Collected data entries

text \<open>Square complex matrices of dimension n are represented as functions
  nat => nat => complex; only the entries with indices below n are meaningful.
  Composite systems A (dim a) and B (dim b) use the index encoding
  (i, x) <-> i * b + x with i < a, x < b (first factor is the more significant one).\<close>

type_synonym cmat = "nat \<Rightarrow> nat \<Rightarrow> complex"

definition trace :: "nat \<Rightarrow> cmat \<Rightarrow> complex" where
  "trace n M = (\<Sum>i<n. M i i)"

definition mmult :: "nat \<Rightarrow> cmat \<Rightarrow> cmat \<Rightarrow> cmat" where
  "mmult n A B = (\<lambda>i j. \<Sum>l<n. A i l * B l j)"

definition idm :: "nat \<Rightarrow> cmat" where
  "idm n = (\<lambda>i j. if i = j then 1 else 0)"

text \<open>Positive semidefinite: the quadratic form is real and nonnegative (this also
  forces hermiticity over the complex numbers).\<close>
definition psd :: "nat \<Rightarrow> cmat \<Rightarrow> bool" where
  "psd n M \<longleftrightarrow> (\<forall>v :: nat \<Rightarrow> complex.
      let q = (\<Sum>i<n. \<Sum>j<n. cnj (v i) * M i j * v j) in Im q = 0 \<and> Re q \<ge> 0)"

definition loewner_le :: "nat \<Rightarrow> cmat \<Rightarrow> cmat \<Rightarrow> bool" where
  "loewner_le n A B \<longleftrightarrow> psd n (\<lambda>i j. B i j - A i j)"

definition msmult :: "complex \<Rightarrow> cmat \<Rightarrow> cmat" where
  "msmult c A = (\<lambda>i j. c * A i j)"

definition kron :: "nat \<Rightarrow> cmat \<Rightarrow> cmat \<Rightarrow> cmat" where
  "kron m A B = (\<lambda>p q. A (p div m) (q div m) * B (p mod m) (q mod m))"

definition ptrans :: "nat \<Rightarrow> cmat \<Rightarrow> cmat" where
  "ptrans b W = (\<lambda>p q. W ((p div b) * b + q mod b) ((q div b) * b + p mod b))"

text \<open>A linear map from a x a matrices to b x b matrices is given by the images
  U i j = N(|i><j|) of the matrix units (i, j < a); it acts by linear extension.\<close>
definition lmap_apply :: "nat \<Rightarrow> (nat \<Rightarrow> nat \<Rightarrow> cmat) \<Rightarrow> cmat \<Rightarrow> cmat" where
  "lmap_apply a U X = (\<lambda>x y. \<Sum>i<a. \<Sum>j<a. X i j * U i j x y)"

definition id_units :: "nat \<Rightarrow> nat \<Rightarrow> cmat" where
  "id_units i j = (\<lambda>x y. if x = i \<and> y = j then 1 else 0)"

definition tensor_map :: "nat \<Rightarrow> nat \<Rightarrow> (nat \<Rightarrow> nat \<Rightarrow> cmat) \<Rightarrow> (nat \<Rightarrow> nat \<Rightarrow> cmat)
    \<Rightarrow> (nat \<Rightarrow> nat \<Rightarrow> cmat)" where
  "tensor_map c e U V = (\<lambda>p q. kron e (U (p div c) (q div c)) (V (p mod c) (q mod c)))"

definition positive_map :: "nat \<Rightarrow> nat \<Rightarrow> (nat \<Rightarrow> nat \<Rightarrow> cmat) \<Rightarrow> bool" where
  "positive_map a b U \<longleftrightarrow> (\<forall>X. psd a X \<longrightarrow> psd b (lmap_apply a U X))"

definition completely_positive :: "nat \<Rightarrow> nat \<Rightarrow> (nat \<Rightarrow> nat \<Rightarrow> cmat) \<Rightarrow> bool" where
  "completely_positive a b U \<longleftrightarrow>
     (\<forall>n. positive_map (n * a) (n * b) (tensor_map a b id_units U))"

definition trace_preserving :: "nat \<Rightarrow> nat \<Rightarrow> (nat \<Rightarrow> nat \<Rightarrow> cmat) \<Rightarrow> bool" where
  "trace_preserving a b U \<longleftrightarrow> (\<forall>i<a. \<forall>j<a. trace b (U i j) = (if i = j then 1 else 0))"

What is being asked
Repeat the entries above exactly, leaving nothing out.

Answer section
text \<open>Square complex matrices of dimension n are represented as functions
  nat => nat => complex; only the entries with indices below n are meaningful.
  Composite systems A (dim a) and B (dim b) use the index encoding
  (i, x) <-> i * b + x with i < a, x < b (first factor is the more significant one).\<close>

type_synonym cmat = "nat \<Rightarrow> nat \<Rightarrow> complex"

definition trace :: "nat \<Rightarrow> cmat \<Rightarrow> complex" where
  "trace n M = (\<Sum>i<n. M i i)"

definition mmult :: "nat \<Rightarrow> cmat \<Rightarrow> cmat \<Rightarrow> cmat" where
  "mmult n A B = (\<lambda>i j. \<Sum>l<n. A i l * B l j)"

definition idm :: "nat \<Rightarrow> cmat" where
  "idm n = (\<lambda>i j. if i = j then 1 else 0)"

text \<open>Positive semidefinite: the quadratic form is real and nonnegative (this also
  forces hermiticity over the complex numbers).\<close>
definition psd :: "nat \<Rightarrow> cmat \<Rightarrow> bool" where
  "psd n M \<longleftrightarrow> (\<forall>v :: nat \<Rightarrow> complex.
      let q = (\<Sum>i<n. \<Sum>j<n. cnj (v i) * M i j * v j) in Im q = 0 \<and> Re q \<ge> 0)"

definition loewner_le :: "nat \<Rightarrow> cmat \<Rightarrow> cmat \<Rightarrow> bool" where
  "loewner_le n A B \<longleftrightarrow> psd n (\<lambda>i j. B i j - A i j)"

definition msmult :: "complex \<Rightarrow> cmat \<Rightarrow> cmat" where
  "msmult c A = (\<lambda>i j. c * A i j)"

definition kron :: "nat \<Rightarrow> cmat \<Rightarrow> cmat \<Rightarrow> cmat" where
  "kron m A B = (\<lambda>p q. A (p div m) (q div m) * B (p mod m) (q mod m))"

definition ptrans :: "nat \<Rightarrow> cmat \<Rightarrow> cmat" where
  "ptrans b W = (\<lambda>p q. W ((p div b) * b + q mod b) ((q div b) * b + p mod b))"

text \<open>A linear map from a x a matrices to b x b matrices is given by the images
  U i j = N(|i><j|) of the matrix units (i, j < a); it acts by linear extension.\<close>
definition lmap_apply :: "nat \<Rightarrow> (nat \<Rightarrow> nat \<Rightarrow> cmat) \<Rightarrow> cmat \<Rightarrow> cmat" where
  "lmap_apply a U X = (\<lambda>x y. \<Sum>i<a. \<Sum>j<a. X i j * U i j x y)"

definition id_units :: "nat \<Rightarrow> nat \<Rightarrow> cmat" where
  "id_units i j = (\<lambda>x y. if x = i \<and> y = j then 1 else 0)"

definition tensor_map :: "nat \<Rightarrow> nat \<Rightarrow> (nat \<Rightarrow> nat \<Rightarrow> cmat) \<Rightarrow> (nat \<Rightarrow> nat \<Rightarrow> cmat)
    \<Rightarrow> (nat \<Rightarrow> nat \<Rightarrow> cmat)" where
  "tensor_map c e U V = (\<lambda>p q. kron e (U (p div c) (q div c)) (V (p mod c) (q mod c)))"

definition positive_map :: "nat \<Rightarrow> nat \<Rightarrow> (nat \<Rightarrow> nat \<Rightarrow> cmat) \<Rightarrow> bool" where
  "positive_map a b U \<longleftrightarrow> (\<forall>X. psd a X \<longrightarrow> psd b (lmap_apply a U X))"

definition completely_positive :: "nat \<Rightarrow> nat \<Rightarrow> (nat \<Rightarrow> nat \<Rightarrow> cmat) \<Rightarrow> bool" where
  "completely_positive a b U \<longleftrightarrow>
     (\<forall>n. positive_map (n * a) (n * b) (tensor_map a b id_units U))"

definition trace_preserving :: "nat \<Rightarrow> nat \<Rightarrow> (nat \<Rightarrow> nat \<Rightarrow> cmat) \<Rightarrow> bool" where
  "trace_preserving a b U \<longleftrightarrow> (\<forall>i<a. \<forall>j<a. trace b (U i j) = (if i = j then 1 else 0))"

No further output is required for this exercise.